Test Management Basics
You've written test cases. You've found bugs. But where do you put all of this? How do you track what's been tested, what hasn't, and what the results were? That's test management.
What Test Management Covers
- Test cases: Storing, organizing, and versioning your test cases
- Test execution: Tracking which tests have been run, passed, or failed
- Bug tracking: Logging defects, assigning them, and tracking resolution
- Reporting: Showing stakeholders the current state of quality
The Lightweight Approach
For small teams and personal projects, you don't need fancy tools. A spreadsheet can work:
| Test ID | Feature | Test Case | Status | Date | Notes |
|---|---|---|---|---|---|
| TC-001 | Login | Valid credentials → dashboard | Pass | Apr 1 | |
| TC-002 | Login | Empty password → error | Fail | Apr 1 | No error shown — BUG-003 |
| TC-003 | Login | SQL injection attempt | Pass | Apr 1 | Error handled correctly |
The key is consistency. Whatever system you use, track the same information every time.
Bug Tracking Essentials
Every team uses some form of bug tracker. The workflow is usually:
New → Assigned → In Progress → Fixed → Verified → Closed
↓
Reopened (if fix didn't work)
As a tester, you own the New (writing the report), Verified (confirming the fix), and potentially Reopened (if it's not actually fixed) steps.
What Makes a Good Bug Tracker Entry
Good entries are:
- Searchable. Use consistent titles so duplicates are easy to find
- Linkable. Reference related test cases, user stories, or other bugs
- Traceable. You can follow a bug from discovery through fix to verification
- Updatable. Add new information as you learn more (environment details, workarounds)
Test Reporting
At the end of a test cycle, you report results. Keep it simple:
- Total tests: How many test cases existed
- Executed: How many were actually run
- Pass/Fail/Blocked: Results breakdown
- Open bugs by severity: What's still broken
- Recommendation: Ship, hold, or test more
One clear dashboard beats a 20-page test report that nobody reads.
The key takeaway: The goal of test management isn't process — it's information. Can the team answer "what's the quality of this release?" at any moment?
Put these bug lifecycle states in the correct order.
At the end of a test cycle, which metric is MOST useful for making a ship/no-ship decision?

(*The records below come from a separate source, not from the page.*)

lemma openin_basepoint_if_compactin:
  assumes compact: "\<And>D. closedin X D \<Longrightarrow> base_compact X T D \<Longrightarrow> base_compact X S D \<Longrightarrow> compactin X D"
  shows "openin (ext_fibprod T S) {(None, None)}"
  unfolding ext_fibprod_eq openin_kification
proof (intro conjI allI impI)
  show "{(None, None)} \<subseteq> topspace diagonal_subspace"
    using T.topspace_eq S.topspace_eq by (auto simp: pt_carrier_def)
  fix K assume K: "compactin diagonal_subspace K"
  have K_diag: "K \<subseteq> (\<lambda>p. (p, p)) ` pt_carrier X"
    using compactin_subset_topspace[OF K] topspace_diagonal_subspace by simp
  define D where "D = Some -` fst ` K"
  define E where "E = (\<lambda>x. (Some x, Some x)) ` D"
  have fst: "compactin T (fst ` K)"
    by (rule image_compactin[OF K continuous_map_subtopology_fst])
  have "compactin S (snd ` K)"
    by (rule image_compactin[OF K continuous_map_subtopology_snd])
  moreover have "snd ` K = fst ` K"
    using K_diag by (intro image_cong) auto
  ultimately have "closedin X D" "base_compact X T D" "base_compact X S D"
    unfolding D_def using T.closedin_vimage_Some[OF T.compactin_closedin[OF fst]]
      T.compactin_imp_base_compact_vimage[OF fst] S.compactin_imp_base_compact_vimage by simp_all
  then have "compactin diagonal_subspace E"
    unfolding E_def using compact image_compactin continuous_map_diagonal_Some by blast
  then have "openin diagonal_subspace (topspace diagonal_subspace - E)"
    using compactin_imp_closedin Hausdorff_diagonal_subspace by blast
  then have open_K: "openin (subtopology diagonal_subspace K) (K \<inter> (topspace diagonal_subspace - E))"
    by (rule openin_subtopology_Int2)
  have "K - E \<subseteq> {(None, None)}"
  proof
    fix z assume z: "z \<in> K - E"
    then obtain p where p: "z = (p, p)" using K_diag by blast
    show "z \<in> {(None, None)}"
    proof (cases p)
      case (Some x)
      then have "x \<in> D" unfolding D_def using z p by force
      then show ?thesis using z p Some unfolding E_def by blast
    qed (simp add: p)
  qed
  moreover have "(None, None) \<notin> E" unfolding E_def by blast
  ultimately have "K \<inter> (topspace diagonal_subspace - E) = K \<inter> {(None, None)}"
    using compactin_subset_topspace[OF K] by blast
  with open_K show "openin (subtopology diagonal_subspace K) (K \<inter> {(None, None)})" by simp
qed

lemma homeomorphic_map_diagonal_iff_base_compact:
  assumes "k_space X"
  shows "homeomorphic_map (plus_ext X) (ext_fibprod T S) (\<lambda>p. (p, p)) \<longleftrightarrow>
         (\<forall>D. closedin X D \<and> base_compact X T D \<and> base_compact X S D \<longrightarrow> compactin X D)"
proof
  assume "homeomorphic_map (plus_ext X) (ext_fibprod T S) (\<lambda>p. (p, p))"
  then have "openin (ext_fibprod T S) {(None, None)}"
    using homeomorphic_map_diagonal_iff_openin_basepoint[OF assms] by blast
  then show "\<forall>D. closedin X D \<and> base_compact X T D \<and> base_compact X S D \<longrightarrow> compactin X D"
    using compactin_if_openin_basepoint closedin_subset by blast
next
  assume "\<forall>D. closedin X D \<and> base_compact X T D \<and> base_compact X S D \<longrightarrow> compactin X D"
  then show "homeomorphic_map (plus_ext X) (ext_fibprod T S) (\<lambda>p. (p, p))"
    using openin_basepoint_if_compactin homeomorphic_map_diagonal_iff_openin_basepoint[OF assms] by blast
qed

end

context closed_ideal
begin

lemma separation_basepoint:
  assumes lc: "locally_compact_space X" and H: "Hausdorff_space X"
    and compact: "\<And>K. compactin X K \<Longrightarrow> Q K" and x: "x \<in> topspace X"
  shows "\<exists>U V. openin (pointed_topology X Q) U \<and> openin (pointed_topology X Q) V \<and>
           None \<in> U \<and> Some x \<in> V \<and> disjnt U V"
proof -
  obtain V K where VK: "openin X V" "compactin X K" "x \<in> V" "V \<subseteq> K"
    using lc x unfolding locally_compact_space_def by blast
  have K: "closedin X K" using compactin_imp_closedin[OF H VK(2)] .
  have "Some -` (pt_carrier X - Some ` K) = topspace X - K" by (auto simp: pt_carrier_def)
  moreover have "topspace X - (topspace X - K) = K" using closedin_subset[OF K] by blast
  ultimately have "openin (pointed_topology X Q) (pt_carrier X - Some ` K)"
    using K compact[OF VK(2)] unfolding openin_pointed_topology by (auto simp: pt_carrier_def)
  moreover have "openin (pointed_topology X Q) (Some ` V)"
    using openin_pointed_topology_image_Some[OF VK(1)] .
  moreover have "disjnt (pt_carrier X - Some ` K) (Some ` V)" using VK(4) by (auto simp: disjnt_def)
  moreover have "None \<in> pt_carrier X - Some ` K" "Some x \<in> Some ` V"
    using VK(3) by (auto simp: pt_carrier_def)
  ultimately show ?thesis by blast
qed

lemma Hausdorff_ext_pointed_topology:
  assumes lc: "locally_compact_space X" and H: "Hausdorff_space X"
    and compact: "\<And>K. compactin X K \<Longrightarrow> Q K"
  shows "Hausdorff_ext X (pointed_topology X Q)"
proof (unfold Hausdorff_ext_def, intro conjI)
  show "Hausdorff_space (pointed_topology X Q)"
    unfolding Hausdorff_space_def topspace_pointed_topology
    using pt_carrier_separation[OF H openin_pointed_topology_image_Some separation_basepoint[OF lc H compact]]
    by blast
qed (simp_all add: topspace_pointed_topology embedding_pointed_topology)

end

lemma ext_rel_iff_openin:
  assumes "topspace S = topspace T"
  shows "ext_rel S T \<longleftrightarrow> (\<forall>U. openin T U \<longrightarrow> openin S U)"
proof -
  have "{x \<in> topspace S. id x \<in> U} = U" if "openin T U" for U
    using openin_subset[OF that] assms by auto
  then show ?thesis unfolding ext_rel_def continuous_map using assms by auto
qed

lemma ext_rel_antisym:
  assumes "ext_rel S T" "ext_rel T S" "topspace S = topspace T"
  shows "S = T"
  using assms ext_rel_iff_openin by (metis topology_eq)

definition neg_top :: "'a topology \<Rightarrow> 'a option topology \<Rightarrow> 'a option topology" where
  "neg_top X T = pointed_topology X (base_compact X T)"

interpretation neg_top: closed_ideal X "base_compact X T"
proof
  show "base_compact X T B" if "base_compact X T A" "closedin X B" "B \<subseteq> A" for A B
    using base_compact_Int_closedin[OF that(1,2)] that(3) by (simp add: Int_absorb1)
qed (simp_all add: base_compact_Un base_compact_empty)

lemma openin_neg_top:
  "openin (neg_top X T) U \<longleftrightarrow>
     U \<subseteq> pt_carrier X \<and> openin X (Some -` U) \<and> (None \<in> U \<longrightarrow> base_compact X T (topspace X - Some -` U))"
  unfolding neg_top_def by (rule neg_top.openin_pointed_topology)

lemma topspace_neg_top: "topspace (neg_top X T) = pt_carrier X"
  unfolding neg_top_def by (rule neg_top.topspace_pointed_topology)

lemma openin_neg_top_complement:
  assumes "closedin X D" "base_compact X T D"
  shows "openin (neg_top X T) (pt_carrier X - Some ` D)"
proof -
  have "Some -` (pt_carrier X - Some ` D) = topspace X - D" by (auto simp: pt_carrier_def)
  moreover have "topspace X - (topspace X - D) = D" using closedin_subset[OF assms(1)] by blast
  ultimately show ?thesis using assms unfolding openin_neg_top by auto
qed

context Hausdorff_ext
begin

lemma Hausdorff_ext_neg_top:
  assumes "locally_compact_space X" "Hausdorff_space X"
  shows "Hausdorff_ext X (neg_top X T)"
  unfolding neg_top_def
  using neg_top.Hausdorff_ext_pointed_topology assms compactin_imp_base_compact by blast

lemma base_compact_neg_top:
  assumes "openin T U" "None \<in> U"
  shows "base_compact X (neg_top X T) (topspace X - Some -` U)"
  unfolding base_compact_def
proof clarify
  fix V assume "openin (neg_top X T) V" "None \<in> V"
  then have "compactin X (topspace X - Some -` V - Some -` U)"
    using assms unfolding openin_neg_top base_compact_def by blast
  then show "compactin X (topspace X - Some -` U - Some -` V)" by (simp add: Diff_eq Int_ac)
qed

lemma compactin_Diff_if_openin_kification:
  assumes "openin (kification T) U" "None \<in> U" "D \<subseteq> topspace X" "base_compact X T D"
  shows "compactin X (D - Some -` U)"
proof -
  define K where "K = insert None (Some ` D)"
  have K: "compactin T K" unfolding K_def using base_compact_iff_compactin assms(3,4) by blast
  then have "openin (subtopology T K) (K \<inter> U)" using assms(1) unfolding openin_kification by blast
  moreover have "topspace (subtopology T K) - (K - U) = K \<inter> U"
    using compactin_subset_topspace[OF K] by auto
  ultimately have "closedin (subtopology T K) (K - U)"
    using compactin_subset_topspace[OF K] by (auto simp: closedin_def)
  then have "compactin T (K - U)"
    using closedin_compact_space compact_space_subtopology[OF K] compactin_subtopology by blast
  moreover have "K - U = Some ` (D - Some -` U)" unfolding K_def using assms(2) by auto
  ultimately show ?thesis using compactin_image_Some_iff assms(3) by (metis Diff_subset order_trans)
qed

lemma k_space_neg_top:
  assumes lc: "locally_compact_space X" and H: "Hausdorff_space X"
  shows "k_space (neg_top X T)"
proof -
  interpret N: Hausdorff_ext X "neg_top X T" using Hausdorff_ext_neg_top[OF lc H] .
  have "openin (neg_top X T) U" if U: "openin (kification (neg_top X T)) U" for U
  proof -
    have carrier: "U \<subseteq> pt_carrier X"
      using openin_subset[OF U] N.topspace_eq by simp
    have "continuous_map X (kification (neg_top X T)) Some"
      using N.continuous_Some continuous_map_into_kification[OF locally_compact_imp_k_space[OF lc]] by blast
    then have "openin X {x \<in> topspace X. Some x \<in> U}"
      using openin_continuous_map_preimage U by blast
    moreover have "{x \<in> topspace X. Some x \<in> U} = Some -` U"
      using pt_carrier_vimage_subset[OF carrier] by auto
    ultimately have open_vimage: "openin X (Some -` U)" by simp
    have "base_compact X T (topspace X - Some -` U)" if "None \<in> U"
      unfolding base_compact_def
    proof clarify
      fix U0 assume "openin T U0" "None \<in> U0"
      then have "compactin X ((topspace X - Some -` U0) - Some -` U)"
        using N.compactin_Diff_if_openin_kification[OF U \<open>None \<in> U\<close>] base_compact_neg_top by blast
      then show "compactin X (topspace X - Some -` U - Some -` U0)"
        by (simp add: Diff_eq Int_ac)
    qed
    then show ?thesis using carrier open_vimage by (simp add: openin_neg_top)
  qed
  then show ?thesis unfolding k_space_open openin_kification by blast
qed

lemma pointed_ext_neg_top:
  assumes "locally_compact_space X" "Hausdorff_space X"
  shows "pointed_ext X (neg_top X T)"
  using Hausdorff_ext_neg_top[OF assms] k_space_neg_top[OF assms]
  by (simp add: pointed_ext_def Hausdorff_ext_def CGH_space_def)

lemma homeomorphic_map_diagonal_neg_top:
  assumes lc: "locally_compact_space X" and H: "Hausdorff_space X"
  shows "homeomorphic_map (plus_ext X) (ext_fibprod T (neg_top X T)) (\<lambda>p. (p, p))"
proof -
  have "compactin X D" if "closedin X D" "base_compact X T D" "base_compact X (neg_top X T) D" for D
  proof -
    have "openin (neg_top X T) (pt_carrier X - Some ` D)" "None \<in> pt_carrier X - Some ` D"
      using openin_neg_top_complement that(1,2) by (auto simp: pt_carrier_def)
    then have "compactin X (D - Some -` (pt_carrier X - Some ` D))"
      using that(3) unfolding base_compact_def by blast
    moreover have "D - Some -` (pt_carrier X - Some ` D) = D" by auto
    ultimately show ?thesis by simp
  qed
  then show ?thesis
    using homeomorphic_map_diagonal_iff_base_compact[OF Hausdorff_ext_axioms
        Hausdorff_ext_neg_top[OF lc H] locally_compact_imp_k_space[OF lc]]
    by blast
qed

lemma ext_rel_neg_top:
  assumes lc: "locally_compact_space X"
    and S: "pointed_ext X S"
    and diag: "homeomorphic_map (plus_ext X) (ext_fibprod T S) (\<lambda>p. (p, p))"
  shows "ext_rel S (neg_top X T)"
proof -
  interpret S: Hausdorff_ext X S using pointed_ext_imp_Hausdorff_ext[OF S] .
  have compact: "compactin X D" if "closedin X D" "base_compact X T D" "base_compact X S D" for D
    using homeomorphic_map_diagonal_iff_base_compact[OF Hausdorff_ext_axioms S.Hausdorff_ext_axioms
        locally_compact_imp_k_space[OF lc]] diag that by blast
  have "openin S U" if U: "openin (neg_top X T) U" for U
    unfolding S.openin_iff_of_k_space[OF pointed_ext_imp_k_space[OF S]]
  proof (intro conjI impI allI)
    show "U \<subseteq> pt_carrier X" "openin X (Some -` U)" using U by (auto simp: openin_neg_top)
    fix D assume "None \<in> U" and D: "closedin X D \<and> base_compact X S D"
    define E where "E = topspace X - Some -` U"
    have "base_compact X T E" "closedin X E"
      using U \<open>None \<in> U\<close> unfolding openin_neg_top E_def by auto
    then have "compactin X (D \<inter> E)"
      using D compact base_compact_Int_closedin Int_commute closedin_Int by metis
    moreover have "D \<inter> E = D - Some -` U" unfolding E_def using closedin_subset D by blast
    ultimately show "compactin X (D - Some -` U)" by simp
  qed
  then show ?thesis
    by (simp add: ext_rel_iff_openin S.topspace_eq topspace_neg_top)
qed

Open bugs by severity directly answers "what's still broken and how bad is it?" Total tests written or executed shows effort, not quality. Hours spent shows cost, not risk. The severity breakdown lets stakeholders make an informed risk-based release decision.
As a tester, which steps in the bug lifecycle do you own?
Click to reveal answer
Testers own New (writing the bug report), Verified (confirming the developer's fix actually works), and potentially Reopened (if the fix didn't resolve the issue). Developers own Assigned, In Progress, and Fixed.